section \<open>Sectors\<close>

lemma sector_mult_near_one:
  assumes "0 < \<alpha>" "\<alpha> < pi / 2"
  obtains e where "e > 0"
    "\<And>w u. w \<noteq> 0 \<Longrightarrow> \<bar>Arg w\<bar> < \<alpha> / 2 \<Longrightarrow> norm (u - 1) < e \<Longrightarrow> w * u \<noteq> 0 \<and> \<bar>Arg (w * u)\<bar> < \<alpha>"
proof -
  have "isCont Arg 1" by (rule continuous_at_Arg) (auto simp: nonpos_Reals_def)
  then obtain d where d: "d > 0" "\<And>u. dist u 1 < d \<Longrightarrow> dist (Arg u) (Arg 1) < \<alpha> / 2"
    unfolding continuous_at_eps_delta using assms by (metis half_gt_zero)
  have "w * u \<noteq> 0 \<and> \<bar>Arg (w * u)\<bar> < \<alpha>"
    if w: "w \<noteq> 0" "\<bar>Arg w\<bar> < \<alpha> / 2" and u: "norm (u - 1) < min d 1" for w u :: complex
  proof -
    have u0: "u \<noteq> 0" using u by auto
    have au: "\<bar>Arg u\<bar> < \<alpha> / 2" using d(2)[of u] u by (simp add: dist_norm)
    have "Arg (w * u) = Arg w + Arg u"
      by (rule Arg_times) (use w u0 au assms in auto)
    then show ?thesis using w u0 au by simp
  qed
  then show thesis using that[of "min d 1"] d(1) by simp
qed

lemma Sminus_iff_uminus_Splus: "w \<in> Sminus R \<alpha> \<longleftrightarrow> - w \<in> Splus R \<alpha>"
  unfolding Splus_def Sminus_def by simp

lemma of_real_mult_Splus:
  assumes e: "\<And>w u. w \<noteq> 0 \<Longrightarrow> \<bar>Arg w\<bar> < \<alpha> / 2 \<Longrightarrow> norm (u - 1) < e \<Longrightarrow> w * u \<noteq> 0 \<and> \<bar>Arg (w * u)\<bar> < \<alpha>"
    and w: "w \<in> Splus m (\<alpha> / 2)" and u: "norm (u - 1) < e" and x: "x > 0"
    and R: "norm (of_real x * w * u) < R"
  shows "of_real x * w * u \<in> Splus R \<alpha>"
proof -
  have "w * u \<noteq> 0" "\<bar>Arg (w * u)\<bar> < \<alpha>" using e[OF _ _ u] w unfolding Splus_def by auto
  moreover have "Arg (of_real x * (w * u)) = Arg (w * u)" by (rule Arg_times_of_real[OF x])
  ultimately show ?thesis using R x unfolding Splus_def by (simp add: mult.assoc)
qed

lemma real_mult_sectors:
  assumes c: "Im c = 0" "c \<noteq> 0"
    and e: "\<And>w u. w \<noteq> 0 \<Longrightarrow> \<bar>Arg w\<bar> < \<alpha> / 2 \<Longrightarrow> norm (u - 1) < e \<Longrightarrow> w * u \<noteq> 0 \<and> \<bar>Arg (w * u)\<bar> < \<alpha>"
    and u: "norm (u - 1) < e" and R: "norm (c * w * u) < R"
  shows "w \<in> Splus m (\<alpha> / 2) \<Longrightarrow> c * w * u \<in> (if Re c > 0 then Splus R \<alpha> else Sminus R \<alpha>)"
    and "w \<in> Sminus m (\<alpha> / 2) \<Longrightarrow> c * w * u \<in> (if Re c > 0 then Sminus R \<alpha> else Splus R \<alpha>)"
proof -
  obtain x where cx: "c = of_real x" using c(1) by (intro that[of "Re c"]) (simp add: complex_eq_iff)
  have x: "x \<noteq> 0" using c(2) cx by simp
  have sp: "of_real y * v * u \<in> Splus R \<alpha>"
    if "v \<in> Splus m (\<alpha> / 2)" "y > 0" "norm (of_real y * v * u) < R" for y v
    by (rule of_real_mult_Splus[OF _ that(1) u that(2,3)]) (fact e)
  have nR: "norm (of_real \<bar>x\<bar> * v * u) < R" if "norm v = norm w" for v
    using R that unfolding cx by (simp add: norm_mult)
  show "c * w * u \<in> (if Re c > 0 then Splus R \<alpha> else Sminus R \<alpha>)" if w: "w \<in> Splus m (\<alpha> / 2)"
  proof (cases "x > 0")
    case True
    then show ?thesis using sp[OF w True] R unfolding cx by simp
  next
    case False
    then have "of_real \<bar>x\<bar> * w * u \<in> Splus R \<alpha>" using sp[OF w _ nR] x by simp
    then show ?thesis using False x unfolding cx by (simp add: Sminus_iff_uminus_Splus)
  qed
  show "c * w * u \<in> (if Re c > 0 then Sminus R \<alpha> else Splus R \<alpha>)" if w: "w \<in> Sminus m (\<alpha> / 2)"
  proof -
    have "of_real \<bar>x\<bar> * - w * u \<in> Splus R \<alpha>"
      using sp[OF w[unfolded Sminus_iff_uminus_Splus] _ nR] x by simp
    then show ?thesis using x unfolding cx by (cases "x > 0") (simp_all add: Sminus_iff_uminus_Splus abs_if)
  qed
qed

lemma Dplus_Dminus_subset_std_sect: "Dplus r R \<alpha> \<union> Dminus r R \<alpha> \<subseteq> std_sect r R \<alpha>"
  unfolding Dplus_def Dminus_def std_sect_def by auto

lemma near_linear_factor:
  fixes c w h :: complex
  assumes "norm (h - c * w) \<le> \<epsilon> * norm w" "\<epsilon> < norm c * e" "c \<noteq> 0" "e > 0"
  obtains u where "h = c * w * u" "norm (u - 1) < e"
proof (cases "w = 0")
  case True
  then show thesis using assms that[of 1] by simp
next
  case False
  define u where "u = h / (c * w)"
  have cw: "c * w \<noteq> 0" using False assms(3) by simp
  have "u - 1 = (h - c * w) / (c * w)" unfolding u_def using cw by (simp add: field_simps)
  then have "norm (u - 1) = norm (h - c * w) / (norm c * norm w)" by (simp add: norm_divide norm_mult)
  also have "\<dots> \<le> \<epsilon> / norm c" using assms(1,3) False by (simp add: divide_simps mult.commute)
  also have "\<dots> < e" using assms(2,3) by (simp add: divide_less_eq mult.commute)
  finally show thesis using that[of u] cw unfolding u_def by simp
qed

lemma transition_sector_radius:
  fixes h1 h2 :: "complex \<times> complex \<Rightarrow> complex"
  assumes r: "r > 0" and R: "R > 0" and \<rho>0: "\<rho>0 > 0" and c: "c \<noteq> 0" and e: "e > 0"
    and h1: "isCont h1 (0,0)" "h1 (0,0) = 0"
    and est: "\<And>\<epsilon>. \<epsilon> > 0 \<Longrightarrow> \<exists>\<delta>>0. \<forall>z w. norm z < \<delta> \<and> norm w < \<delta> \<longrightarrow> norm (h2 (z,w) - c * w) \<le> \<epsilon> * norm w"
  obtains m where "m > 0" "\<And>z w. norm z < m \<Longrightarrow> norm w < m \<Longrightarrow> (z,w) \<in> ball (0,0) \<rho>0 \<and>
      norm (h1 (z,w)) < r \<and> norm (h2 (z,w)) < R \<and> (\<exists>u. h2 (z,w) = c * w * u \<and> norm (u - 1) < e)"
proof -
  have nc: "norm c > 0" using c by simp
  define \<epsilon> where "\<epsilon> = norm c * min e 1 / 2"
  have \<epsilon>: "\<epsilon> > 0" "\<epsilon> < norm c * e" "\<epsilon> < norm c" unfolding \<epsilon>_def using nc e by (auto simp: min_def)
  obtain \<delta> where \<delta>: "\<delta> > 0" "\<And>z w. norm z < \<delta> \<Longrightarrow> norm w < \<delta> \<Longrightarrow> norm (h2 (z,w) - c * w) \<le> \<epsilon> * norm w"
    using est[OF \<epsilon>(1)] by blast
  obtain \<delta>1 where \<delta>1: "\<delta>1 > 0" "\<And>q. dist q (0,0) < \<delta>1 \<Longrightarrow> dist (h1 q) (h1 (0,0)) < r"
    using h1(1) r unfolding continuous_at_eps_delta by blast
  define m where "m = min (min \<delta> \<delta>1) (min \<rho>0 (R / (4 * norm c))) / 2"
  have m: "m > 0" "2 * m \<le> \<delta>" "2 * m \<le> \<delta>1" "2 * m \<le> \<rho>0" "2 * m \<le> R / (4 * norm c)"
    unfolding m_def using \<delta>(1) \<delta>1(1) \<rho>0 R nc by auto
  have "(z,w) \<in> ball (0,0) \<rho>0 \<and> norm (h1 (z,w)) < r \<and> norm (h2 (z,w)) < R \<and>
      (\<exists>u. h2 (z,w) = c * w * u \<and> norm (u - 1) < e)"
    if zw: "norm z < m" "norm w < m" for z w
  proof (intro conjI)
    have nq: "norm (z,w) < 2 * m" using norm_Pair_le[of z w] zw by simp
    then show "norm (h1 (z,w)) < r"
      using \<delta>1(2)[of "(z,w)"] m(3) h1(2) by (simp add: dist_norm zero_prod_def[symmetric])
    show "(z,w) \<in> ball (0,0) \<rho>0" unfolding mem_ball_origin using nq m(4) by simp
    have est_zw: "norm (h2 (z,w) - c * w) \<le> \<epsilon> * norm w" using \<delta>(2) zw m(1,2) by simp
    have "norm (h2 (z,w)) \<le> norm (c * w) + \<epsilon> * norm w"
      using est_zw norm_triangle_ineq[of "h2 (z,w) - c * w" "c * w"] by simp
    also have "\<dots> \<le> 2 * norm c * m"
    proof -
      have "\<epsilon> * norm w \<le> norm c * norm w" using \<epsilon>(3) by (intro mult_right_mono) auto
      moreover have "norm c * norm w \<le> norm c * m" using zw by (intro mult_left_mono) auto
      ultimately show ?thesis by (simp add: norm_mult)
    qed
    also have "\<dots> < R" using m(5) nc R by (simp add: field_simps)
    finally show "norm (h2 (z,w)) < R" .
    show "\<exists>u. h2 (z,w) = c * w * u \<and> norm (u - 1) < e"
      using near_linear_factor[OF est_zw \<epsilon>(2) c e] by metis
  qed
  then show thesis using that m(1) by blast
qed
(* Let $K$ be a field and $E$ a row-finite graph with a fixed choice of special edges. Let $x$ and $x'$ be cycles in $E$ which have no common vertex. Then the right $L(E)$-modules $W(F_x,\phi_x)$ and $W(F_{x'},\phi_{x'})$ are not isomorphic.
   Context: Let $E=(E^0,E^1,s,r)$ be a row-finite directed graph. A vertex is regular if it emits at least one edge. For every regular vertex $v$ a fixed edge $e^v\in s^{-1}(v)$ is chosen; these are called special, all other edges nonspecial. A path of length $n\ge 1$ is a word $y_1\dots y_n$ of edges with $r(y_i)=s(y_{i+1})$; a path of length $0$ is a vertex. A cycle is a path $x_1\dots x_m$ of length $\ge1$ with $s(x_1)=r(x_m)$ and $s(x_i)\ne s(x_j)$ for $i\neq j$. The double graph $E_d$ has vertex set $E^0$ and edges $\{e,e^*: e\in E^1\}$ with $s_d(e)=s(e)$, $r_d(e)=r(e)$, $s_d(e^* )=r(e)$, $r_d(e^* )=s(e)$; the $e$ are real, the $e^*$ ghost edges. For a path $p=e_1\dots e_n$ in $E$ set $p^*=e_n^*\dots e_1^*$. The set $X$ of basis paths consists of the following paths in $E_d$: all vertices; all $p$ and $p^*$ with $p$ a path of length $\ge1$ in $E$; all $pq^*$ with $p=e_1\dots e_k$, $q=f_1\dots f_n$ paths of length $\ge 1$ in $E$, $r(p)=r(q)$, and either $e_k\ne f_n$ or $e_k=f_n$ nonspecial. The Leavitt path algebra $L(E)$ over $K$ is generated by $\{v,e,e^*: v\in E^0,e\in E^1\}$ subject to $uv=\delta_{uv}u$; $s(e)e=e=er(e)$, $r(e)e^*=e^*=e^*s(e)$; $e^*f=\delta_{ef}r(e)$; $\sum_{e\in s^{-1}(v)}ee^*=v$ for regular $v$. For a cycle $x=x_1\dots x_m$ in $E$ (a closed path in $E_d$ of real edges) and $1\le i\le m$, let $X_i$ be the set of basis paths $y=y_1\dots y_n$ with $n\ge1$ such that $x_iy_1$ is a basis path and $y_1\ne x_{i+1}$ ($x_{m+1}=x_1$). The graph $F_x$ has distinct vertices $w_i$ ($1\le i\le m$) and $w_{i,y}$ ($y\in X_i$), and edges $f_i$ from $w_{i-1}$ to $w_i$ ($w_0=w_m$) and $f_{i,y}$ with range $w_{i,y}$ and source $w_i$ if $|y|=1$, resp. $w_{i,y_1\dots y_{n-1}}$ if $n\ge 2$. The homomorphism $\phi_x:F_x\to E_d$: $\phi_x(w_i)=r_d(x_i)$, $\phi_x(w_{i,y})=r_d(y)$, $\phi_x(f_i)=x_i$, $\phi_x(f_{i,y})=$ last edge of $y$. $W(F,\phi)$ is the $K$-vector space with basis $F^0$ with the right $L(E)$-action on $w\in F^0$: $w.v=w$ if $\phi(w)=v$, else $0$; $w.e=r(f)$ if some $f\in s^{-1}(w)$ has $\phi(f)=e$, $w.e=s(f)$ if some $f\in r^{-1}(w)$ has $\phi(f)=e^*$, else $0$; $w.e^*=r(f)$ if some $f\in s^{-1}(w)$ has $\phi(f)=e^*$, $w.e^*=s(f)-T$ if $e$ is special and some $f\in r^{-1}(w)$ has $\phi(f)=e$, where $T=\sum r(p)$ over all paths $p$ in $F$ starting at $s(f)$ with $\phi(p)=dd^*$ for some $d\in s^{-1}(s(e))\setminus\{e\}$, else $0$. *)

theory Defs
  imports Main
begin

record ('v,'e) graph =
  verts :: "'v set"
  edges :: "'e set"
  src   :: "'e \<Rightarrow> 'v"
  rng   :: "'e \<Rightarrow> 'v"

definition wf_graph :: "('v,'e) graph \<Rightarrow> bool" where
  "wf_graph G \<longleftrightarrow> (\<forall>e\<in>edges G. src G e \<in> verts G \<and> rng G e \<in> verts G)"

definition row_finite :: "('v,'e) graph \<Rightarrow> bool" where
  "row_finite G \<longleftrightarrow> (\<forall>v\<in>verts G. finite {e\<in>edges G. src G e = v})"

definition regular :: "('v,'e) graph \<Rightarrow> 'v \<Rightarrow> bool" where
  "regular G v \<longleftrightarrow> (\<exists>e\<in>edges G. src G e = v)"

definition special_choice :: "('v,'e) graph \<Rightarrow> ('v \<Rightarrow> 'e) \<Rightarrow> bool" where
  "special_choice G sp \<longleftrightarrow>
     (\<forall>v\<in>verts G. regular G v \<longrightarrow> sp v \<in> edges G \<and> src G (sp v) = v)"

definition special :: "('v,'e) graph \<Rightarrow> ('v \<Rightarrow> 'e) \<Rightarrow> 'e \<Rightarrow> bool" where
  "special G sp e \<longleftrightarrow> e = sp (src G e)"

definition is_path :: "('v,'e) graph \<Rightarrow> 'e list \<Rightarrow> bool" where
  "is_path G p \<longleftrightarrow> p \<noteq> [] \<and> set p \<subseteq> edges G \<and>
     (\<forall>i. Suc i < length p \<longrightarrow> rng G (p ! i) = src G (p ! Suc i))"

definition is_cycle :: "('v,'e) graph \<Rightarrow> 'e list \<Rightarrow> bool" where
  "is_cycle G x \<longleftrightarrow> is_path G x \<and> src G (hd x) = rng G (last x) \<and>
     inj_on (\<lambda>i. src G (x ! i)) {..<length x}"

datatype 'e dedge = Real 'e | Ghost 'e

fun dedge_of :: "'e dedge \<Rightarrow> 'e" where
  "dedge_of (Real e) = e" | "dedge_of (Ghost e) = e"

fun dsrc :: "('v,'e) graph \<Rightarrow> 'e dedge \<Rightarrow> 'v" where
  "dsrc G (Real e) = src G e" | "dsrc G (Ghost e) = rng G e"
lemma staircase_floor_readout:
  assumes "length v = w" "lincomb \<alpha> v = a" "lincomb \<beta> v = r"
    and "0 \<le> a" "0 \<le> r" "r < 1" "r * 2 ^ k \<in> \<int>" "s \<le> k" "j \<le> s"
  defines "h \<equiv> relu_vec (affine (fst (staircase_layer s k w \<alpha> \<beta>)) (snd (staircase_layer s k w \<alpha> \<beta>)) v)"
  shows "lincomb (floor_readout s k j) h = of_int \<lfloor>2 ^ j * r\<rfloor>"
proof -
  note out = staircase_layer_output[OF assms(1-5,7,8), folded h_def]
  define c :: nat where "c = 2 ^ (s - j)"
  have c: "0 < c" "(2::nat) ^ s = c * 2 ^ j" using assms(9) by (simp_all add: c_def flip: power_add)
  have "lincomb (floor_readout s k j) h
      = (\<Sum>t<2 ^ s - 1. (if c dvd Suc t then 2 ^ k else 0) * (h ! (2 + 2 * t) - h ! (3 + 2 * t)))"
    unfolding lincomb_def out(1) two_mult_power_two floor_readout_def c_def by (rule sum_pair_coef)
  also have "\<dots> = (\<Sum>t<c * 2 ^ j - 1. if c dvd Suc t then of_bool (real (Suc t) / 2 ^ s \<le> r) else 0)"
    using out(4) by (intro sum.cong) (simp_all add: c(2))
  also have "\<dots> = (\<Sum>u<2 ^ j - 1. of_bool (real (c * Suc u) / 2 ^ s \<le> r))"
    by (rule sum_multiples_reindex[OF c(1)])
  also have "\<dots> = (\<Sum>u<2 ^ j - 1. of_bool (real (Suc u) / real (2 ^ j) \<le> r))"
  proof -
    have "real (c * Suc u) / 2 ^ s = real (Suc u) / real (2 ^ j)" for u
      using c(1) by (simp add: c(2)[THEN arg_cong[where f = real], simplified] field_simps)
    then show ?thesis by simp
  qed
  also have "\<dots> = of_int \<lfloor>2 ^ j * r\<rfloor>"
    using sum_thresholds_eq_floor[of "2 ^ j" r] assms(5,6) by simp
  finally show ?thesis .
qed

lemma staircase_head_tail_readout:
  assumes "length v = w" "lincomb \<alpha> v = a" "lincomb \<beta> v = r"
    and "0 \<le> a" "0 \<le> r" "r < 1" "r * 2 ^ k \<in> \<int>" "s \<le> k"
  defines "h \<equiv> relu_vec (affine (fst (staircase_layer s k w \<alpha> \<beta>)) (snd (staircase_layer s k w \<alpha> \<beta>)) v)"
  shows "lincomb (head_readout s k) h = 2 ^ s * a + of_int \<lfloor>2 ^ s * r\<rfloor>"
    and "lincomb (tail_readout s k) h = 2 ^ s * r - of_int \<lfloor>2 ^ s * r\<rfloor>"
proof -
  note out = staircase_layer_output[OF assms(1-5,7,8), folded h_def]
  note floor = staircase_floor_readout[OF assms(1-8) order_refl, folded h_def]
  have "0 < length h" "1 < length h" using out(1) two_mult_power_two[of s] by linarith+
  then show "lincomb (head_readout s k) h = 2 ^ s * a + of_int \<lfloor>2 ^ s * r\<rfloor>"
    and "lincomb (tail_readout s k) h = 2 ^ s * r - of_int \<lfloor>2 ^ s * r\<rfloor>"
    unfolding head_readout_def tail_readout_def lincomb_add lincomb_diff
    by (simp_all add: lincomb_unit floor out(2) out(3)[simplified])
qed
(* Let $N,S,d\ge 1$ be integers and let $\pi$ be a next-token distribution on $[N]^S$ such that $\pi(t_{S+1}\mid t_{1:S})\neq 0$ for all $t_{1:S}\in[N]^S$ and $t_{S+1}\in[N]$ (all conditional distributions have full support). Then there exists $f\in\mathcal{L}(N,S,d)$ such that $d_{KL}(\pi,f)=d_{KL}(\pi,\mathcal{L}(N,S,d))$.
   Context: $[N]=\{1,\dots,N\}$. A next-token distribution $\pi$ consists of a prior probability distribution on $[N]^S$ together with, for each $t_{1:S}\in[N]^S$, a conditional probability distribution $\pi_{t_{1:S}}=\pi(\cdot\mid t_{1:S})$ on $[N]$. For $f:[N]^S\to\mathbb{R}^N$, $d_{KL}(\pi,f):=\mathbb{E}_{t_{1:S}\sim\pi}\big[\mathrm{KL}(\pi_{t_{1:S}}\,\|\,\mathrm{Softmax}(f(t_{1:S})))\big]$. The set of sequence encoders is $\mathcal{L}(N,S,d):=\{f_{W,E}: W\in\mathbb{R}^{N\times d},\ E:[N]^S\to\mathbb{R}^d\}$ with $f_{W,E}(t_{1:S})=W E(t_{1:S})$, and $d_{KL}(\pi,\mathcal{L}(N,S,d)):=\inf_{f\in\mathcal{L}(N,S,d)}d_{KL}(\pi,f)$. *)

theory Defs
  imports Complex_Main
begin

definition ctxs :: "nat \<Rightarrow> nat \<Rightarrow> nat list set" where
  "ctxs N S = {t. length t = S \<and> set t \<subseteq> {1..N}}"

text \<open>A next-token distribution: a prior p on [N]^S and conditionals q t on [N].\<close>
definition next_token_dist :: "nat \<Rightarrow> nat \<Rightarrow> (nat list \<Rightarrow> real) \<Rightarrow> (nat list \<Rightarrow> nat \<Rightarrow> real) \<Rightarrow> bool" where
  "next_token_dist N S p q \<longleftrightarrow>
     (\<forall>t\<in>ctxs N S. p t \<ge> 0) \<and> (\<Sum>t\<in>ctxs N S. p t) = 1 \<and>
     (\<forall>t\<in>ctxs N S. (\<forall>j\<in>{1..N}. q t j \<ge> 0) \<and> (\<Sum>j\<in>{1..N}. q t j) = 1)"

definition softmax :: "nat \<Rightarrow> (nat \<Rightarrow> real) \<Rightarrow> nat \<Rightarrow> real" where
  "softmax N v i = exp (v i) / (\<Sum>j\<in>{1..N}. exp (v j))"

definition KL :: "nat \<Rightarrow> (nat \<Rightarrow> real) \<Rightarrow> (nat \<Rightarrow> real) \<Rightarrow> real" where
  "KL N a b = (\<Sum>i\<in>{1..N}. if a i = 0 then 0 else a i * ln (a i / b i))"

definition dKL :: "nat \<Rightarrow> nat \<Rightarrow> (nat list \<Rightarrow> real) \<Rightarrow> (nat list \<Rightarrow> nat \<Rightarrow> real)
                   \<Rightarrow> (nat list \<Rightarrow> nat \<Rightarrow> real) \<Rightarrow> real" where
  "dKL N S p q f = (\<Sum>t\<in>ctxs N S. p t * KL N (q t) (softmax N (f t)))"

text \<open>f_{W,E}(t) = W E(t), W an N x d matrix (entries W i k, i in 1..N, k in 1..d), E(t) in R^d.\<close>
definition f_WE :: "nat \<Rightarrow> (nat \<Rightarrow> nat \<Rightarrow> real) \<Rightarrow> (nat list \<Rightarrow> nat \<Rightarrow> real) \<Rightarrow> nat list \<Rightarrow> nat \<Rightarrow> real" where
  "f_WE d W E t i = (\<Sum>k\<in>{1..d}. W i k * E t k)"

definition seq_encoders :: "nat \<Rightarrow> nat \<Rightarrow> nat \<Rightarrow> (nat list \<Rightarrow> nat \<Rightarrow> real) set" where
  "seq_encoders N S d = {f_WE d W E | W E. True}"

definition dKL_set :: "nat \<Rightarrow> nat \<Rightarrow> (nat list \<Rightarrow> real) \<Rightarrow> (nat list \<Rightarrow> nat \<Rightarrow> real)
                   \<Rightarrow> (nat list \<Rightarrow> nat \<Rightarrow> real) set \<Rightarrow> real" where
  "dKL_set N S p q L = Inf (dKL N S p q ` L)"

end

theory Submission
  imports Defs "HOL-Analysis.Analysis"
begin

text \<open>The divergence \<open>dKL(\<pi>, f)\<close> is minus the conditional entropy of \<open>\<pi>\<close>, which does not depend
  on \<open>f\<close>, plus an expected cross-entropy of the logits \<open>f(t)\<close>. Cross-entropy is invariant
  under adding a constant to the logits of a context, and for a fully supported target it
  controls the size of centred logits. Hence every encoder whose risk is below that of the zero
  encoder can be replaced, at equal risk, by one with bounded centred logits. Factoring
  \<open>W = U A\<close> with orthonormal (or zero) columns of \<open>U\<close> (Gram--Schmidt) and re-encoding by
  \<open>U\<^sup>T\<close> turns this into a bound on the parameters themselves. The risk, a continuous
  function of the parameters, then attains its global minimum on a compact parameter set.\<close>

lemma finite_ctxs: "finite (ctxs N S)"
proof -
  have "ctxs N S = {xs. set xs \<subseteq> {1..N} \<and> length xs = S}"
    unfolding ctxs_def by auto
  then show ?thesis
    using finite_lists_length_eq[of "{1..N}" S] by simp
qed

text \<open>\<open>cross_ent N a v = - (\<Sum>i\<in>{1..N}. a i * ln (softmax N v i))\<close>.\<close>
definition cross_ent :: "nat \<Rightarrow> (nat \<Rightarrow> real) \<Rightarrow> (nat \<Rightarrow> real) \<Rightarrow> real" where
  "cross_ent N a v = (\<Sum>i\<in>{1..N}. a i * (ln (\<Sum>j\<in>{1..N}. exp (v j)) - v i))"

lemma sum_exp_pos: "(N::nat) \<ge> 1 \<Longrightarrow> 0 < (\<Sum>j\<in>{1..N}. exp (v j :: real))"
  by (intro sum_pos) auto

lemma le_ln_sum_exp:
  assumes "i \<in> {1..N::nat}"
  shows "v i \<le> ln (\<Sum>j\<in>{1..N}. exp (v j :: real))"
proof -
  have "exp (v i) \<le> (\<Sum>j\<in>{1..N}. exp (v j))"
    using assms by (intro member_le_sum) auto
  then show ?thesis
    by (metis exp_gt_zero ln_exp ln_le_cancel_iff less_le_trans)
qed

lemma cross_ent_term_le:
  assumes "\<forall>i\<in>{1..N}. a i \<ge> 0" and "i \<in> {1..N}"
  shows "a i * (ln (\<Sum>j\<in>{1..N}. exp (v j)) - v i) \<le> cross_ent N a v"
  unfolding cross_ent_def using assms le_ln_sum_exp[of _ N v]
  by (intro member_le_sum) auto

__________________________________________________

WHAT IS NEEDED
Please determine how many lines of the records above contain "open", and state that number only.

TASK RESPONSE
8